Женские каблучки бодро цокали рядом, а позади слышалось сопение юных льва и тигра.
Меня внесли в огромную, невероятно огромную светлую комнату и уложили на мягкий кожаный диван.
— Элиза, ты распорядилась, чтобы подготовили гостевую комнату?
— Ох, прости, милый. Я что-то растерялась, — проворковала она нежным голоском, а затем совсем не по-женски, а грубо, по-звериному зарычала. Вдалеке послышались торопливые шаги, хлопанье дверями.
Это она так распорядилась?! Папочка, куда же я попала!
Вероятно, последние слова я сказала вслух, потому что "милый Александр" тотчас повернулся ко мне.
— Папа? Кто твой папа, детка? Как его найти?
Разве можно такие вопросы задавать испуганной сиротке? Я снова заплакала. Непривычно участливое обращение со мной определенно выбило меня из колеи. А еще мне так стало обидно — я здесь лежу одна, а у них семья такая… такая… Я пуще прежнего зарыдала, и понимая, что словами объяснить причину своей истерики не могу, попыталась объяснить жестами. Руки стали понемногу меня слушаться, и я тыкала сжатым кулачком в портреты, висевшие на стене — нежно прильнувшие друг к другу Элиза и Александр, их дети — лева и тигряша, так похожие на них в человеческом обличии. Правда, мужчины, грозно смотревшего с еще одного портрета, сейчас в комнате не было, но его сходство с Александром было очевидно.

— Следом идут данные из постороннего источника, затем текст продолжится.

lemma sum_weight_oddharm:
  "2 * (\<Sum>k=0..n. weight p k * (oddharm (k + p) - oddharm p))
   = real (Suc p) / real (2*p + 1) * weight (Suc p) n * (oddharm (n + p + 1) - oddharm (p + 1))"
proof -
  have "(\<Sum>i=1..n. 1 / (real i + (real p + 1/2))) = 2 * (oddharm (n + Suc p) - oddharm (Suc p))"
  proof -
    have "(\<Sum>i=1..n. 1 / (real i + (real p + 1/2))) = (\<Sum>i<n. 1 / (real i + (real (Suc p) + 1/2)))"
      by (simp only: One_nat_def sum.atLeast1_atMost_eq) (simp add: algebra_simps)
    then show ?thesis
      by (simp only: sum_reciprocal_half_eq_oddharm)
  qed
  moreover have "2 * (\<Sum>k=0..n. weight p k * (oddharm (k + p) - oddharm p))
      = (\<Sum>k=0..n. weight p k * (\<Sum>i<k. 1 / (real i + (real p + 1/2))))"
    by (simp only: sum_reciprocal_half_eq_oddharm sum_distrib_left mult.left_commute)
  moreover have "(\<Sum>k=0..n. weight p k * (\<Sum>i<k. 1 / (real i + (real p + 1/2))))
      = real (Suc n) / (real p + 1/2) * weight p (Suc n) * (\<Sum>i=1..n. 1 / (real i + (real p + 1/2)))"
    by (rule sum_rising_times_harmonic[OF weight_Suc]) simp
  ultimately have "2 * (\<Sum>k=0..n. weight p k * (oddharm (k + p) - oddharm p))
      = real (Suc n) / (real p + 1/2) * weight p (Suc n) * (2 * (oddharm (n + Suc p) - oddharm (Suc p)))"
    by simp
  also have "\<dots> = 4 * real (Suc n) * weight p (Suc n) / real (2*p + 1) * (oddharm (n + p + 1) - oddharm (p + 1))"
    by (simp add: field_simps)
  also have "\<dots> = real (Suc p) / real (2*p + 1) * weight (Suc p) n * (oddharm (n + p + 1) - oddharm (p + 1))"
    by (simp only: weight_Suc_left[symmetric]) simp
  finally show ?thesis .
qed

theorem theorem13:
  fixes n p m :: nat
  shows "((\<Sum>k=0..n. 1 / 2 ^ (2*k) * real ((2*(k+p)) choose (k+p)) * real ((k+p) choose k)
            * mhn (n-k) m * (oddharm (k+p) - oddharm p))
         = 1/2 * (\<Sum>k=0..n. 1 / 2 ^ (2*k) * real ((2*(k+p)) choose (k+p)) * real ((k+p) choose k)
            * mhn (n-k) (m+1))) \<and>
         ((\<Sum>k=0..n. 1 / 2 ^ (2*k) * real ((2*(k+p)) choose (k+p)) * real ((k+p) choose k)
            * harmonic (n-k))
         = 1 / 2 ^ (2*n) * (real (p+1) / real (2*p+1))
            * real ((2*(n+p+1)) choose (n+p+1)) * real ((n+p+1) choose n)
            * (oddharm (n+p+1) - oddharm (p+1)))"
proof -
  have "(\<Sum>k=0..n. weight p k * harmonic (n-k))
      = 2 * (\<Sum>k=0..n. weight p k * mhn (n-k) 0 * (oddharm (k + p) - oddharm p))"
    by (simp add: harmonic_eq_mhn_1 sum_weight_mhn_Suc)
  also have "\<dots> = real (p+1) / real (2*p + 1) * weight (p+1) n * (oddharm (n + p + 1) - oddharm (p + 1))"
    by (simp add: mhn_0 sum_weight_oddharm)
  finally show ?thesis
    using sum_weight_mhn_Suc[of p n m] by (simp add: weight_def mult_ac)
qed

end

Икая, слезливо что-то бормоча и тыкая в портрет неизвестного, я попыталась объяснить, как меня тронуло сходство отца и сына.
— Ох, папочка, как он похож на вас, — наконец я смогла четко сформулировать то, что так меня растрогало.

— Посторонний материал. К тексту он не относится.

lemma app_at_0_bvec [simp]: "app_at 0 F (bvec (a # w)) = cat (F (bvec a)) (bvec w)"
  by (simp add: app_at_bvec)

lemma app_at_1_bvec [simp]:
  "app_at (Suc 0) F (bvec (a # b # w)) = cat (bvec [a]) (cat (F (bvec b)) (bvec w))"
  by (simp add: app_at_bvec cat_assoc)

lemma lin_map_app_at: "lin_map (app_at i F)"
  by (simp add: app_at_def[abs_def])

lemma app_at_eq_lin_ext: "app_at i F t = lin_ext (\<lambda>w. app_at i F (bvec w)) t"
  by (rule lin_map_eq_lin_ext[OF lin_map_app_at])

lemma app_at_fun_add: "app_at i (\<lambda>y. F y + G y) t = app_at i F t + app_at i G t"
  by (simp add: app_at_def cat_add_left cat_add_right lin_ext_fun_add)

lemma homogeneous_app_at_0:
  assumes t: "homogeneous (Suc k) t" and F: "\<And>y. homogeneous j (F y)"
  shows "homogeneous (j + k) (app_at 0 F t)"
proof -
  have "homogeneous (j + k) (lin_ext (\<lambda>w. app_at 0 F (bvec w)) t)"
  proof (rule homogeneous_lin_ext)
    fix w assume "w \<in> Poly_Mapping.keys t"
    then obtain b w' where "w = b # w'" "length w' = k"
      using t by (auto simp: homogeneous_def length_Suc_conv)
    then show "homogeneous (j + k) (app_at 0 F (bvec w))"
      using homogeneous_cat[OF F homogeneous_bvec] by simp
  qed
  then show ?thesis
    by (simp flip: lin_map_eq_lin_ext[OF lin_map_app_at])
qed

lemma app_at_0_cat_bvec:
  assumes "homogeneous (Suc k) s"
  shows "app_at 0 F (cat s (bvec v)) = cat (app_at 0 F s) (bvec v)"
  by (rule lin_map_eq_on_homogeneous[OF lin_map_comp[OF lin_map_app_at lin_map_cat_left]
        lin_map_comp[OF lin_map_cat_left lin_map_app_at] assms])
    (auto simp: length_Suc_conv cat_assoc)

lemma app_at_0_tens2: "lin_map F \<Longrightarrow> app_at 0 F (tens [a, b]) = cat (F a) (emb1 b)"
  by (rule lin_map_tens2_eqI[OF lin_map_app_at])
    (auto intro: lin_map_comp[OF lin_map_cat_left] lin_map_comp[OF lin_map_cat_right lin_map_emb1])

— Папочка? — недоуменно переводил пожилой мужчина глаза с меня — на портрет неизвестного, и обратно. — А что это у тебя?
Он осторожно, но настойчиво взял меня за непослушный кулачок и разогнул сопротивлявшиеся пальцы. Вынув листок из моей ладошки, он внимательно рассматривал изображение, поглядывая на меня и все больше хмурясь. Я не видела, что там было изображено, я вообще еще не успела рассмотреть доставшийся мне дневник бабули.
Он показал листок Элизе, на лице которой тотчас вспыхнул легкий румянец, а глаза, опушенные густыми ресницами, удивленно распахнулись. Парни тоже заглянули в листик, и стали довольно скалиться и пинать друг друга локтями.
— Откуда это у тебя, милая?
— Это наследство. От бабули осталось.
— Ты сказала "папочка"?
— Папочка, — кивнула я. И уже хотела рассказать им о своей глупой привычке, да Элиза бросилась мне на шею. Она меня тискала, обнимала, гладила и целовала.